---------- SUPPLIED MATERIAL

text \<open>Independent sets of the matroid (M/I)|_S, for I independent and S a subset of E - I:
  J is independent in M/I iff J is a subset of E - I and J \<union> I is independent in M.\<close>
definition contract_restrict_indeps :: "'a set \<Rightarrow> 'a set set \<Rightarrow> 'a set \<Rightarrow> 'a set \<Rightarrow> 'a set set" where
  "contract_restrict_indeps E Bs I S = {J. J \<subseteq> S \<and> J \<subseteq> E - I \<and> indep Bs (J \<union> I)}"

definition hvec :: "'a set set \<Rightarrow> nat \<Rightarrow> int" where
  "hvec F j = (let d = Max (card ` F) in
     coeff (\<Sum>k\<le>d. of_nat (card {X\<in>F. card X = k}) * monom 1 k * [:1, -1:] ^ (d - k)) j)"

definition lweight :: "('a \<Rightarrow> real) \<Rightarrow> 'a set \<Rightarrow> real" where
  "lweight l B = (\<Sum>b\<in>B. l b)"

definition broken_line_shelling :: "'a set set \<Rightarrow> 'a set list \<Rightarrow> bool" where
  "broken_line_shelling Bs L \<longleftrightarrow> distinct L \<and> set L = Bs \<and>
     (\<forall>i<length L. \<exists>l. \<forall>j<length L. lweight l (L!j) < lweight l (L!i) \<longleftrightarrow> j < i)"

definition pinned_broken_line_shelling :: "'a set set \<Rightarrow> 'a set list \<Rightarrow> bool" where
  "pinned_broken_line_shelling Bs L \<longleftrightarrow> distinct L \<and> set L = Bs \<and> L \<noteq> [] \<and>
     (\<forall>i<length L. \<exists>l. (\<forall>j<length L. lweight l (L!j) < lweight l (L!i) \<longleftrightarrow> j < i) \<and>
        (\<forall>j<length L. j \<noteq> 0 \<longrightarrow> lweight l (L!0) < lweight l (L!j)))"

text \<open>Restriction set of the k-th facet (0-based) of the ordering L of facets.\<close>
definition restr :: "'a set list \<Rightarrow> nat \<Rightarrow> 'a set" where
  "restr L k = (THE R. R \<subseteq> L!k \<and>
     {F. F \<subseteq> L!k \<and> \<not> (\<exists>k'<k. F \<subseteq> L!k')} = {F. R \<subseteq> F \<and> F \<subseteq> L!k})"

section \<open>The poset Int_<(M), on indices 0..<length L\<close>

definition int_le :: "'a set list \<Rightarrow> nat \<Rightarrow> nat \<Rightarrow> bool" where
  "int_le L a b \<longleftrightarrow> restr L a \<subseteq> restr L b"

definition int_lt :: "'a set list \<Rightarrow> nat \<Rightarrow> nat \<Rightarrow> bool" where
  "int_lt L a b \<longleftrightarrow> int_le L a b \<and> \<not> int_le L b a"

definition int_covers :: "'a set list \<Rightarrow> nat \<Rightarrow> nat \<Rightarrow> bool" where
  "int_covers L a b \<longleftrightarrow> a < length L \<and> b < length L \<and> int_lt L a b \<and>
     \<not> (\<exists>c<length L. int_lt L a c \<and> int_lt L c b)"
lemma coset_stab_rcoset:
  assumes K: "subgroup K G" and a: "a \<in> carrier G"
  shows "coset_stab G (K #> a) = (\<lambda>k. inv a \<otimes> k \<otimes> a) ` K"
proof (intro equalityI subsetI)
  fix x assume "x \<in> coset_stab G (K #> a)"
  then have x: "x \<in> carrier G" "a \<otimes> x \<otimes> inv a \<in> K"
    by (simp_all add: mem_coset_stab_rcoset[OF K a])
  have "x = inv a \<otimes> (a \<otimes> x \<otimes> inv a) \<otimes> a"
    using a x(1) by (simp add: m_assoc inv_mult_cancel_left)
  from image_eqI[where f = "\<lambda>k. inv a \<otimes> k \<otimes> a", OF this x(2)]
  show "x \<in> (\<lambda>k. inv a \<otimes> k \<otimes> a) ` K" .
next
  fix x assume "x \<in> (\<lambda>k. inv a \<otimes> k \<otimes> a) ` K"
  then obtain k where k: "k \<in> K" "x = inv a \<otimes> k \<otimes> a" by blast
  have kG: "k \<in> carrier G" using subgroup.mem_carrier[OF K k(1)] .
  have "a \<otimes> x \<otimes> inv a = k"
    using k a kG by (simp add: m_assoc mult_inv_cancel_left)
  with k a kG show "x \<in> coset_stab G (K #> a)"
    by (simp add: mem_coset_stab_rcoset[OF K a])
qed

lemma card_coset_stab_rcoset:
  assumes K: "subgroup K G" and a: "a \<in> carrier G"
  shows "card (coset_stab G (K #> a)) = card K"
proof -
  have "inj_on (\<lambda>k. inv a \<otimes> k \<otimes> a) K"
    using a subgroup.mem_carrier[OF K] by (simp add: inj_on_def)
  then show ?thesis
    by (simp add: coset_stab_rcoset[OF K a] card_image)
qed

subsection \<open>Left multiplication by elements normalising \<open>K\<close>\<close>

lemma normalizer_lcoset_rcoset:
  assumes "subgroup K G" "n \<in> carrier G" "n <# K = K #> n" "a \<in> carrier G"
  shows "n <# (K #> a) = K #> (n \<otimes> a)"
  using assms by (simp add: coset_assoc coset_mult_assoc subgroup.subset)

--------------------

• _EXERCISE PROMPT_:
Identify all lines in the records above with the word "text".

• _SOLVED EXERCISE_:
text \<open>Independent sets of the matroid (M/I)|_S, for I independent and S a subset of E - I:
text \<open>Restriction set of the k-th facet (0-based) of the ordering L of facets.\<close>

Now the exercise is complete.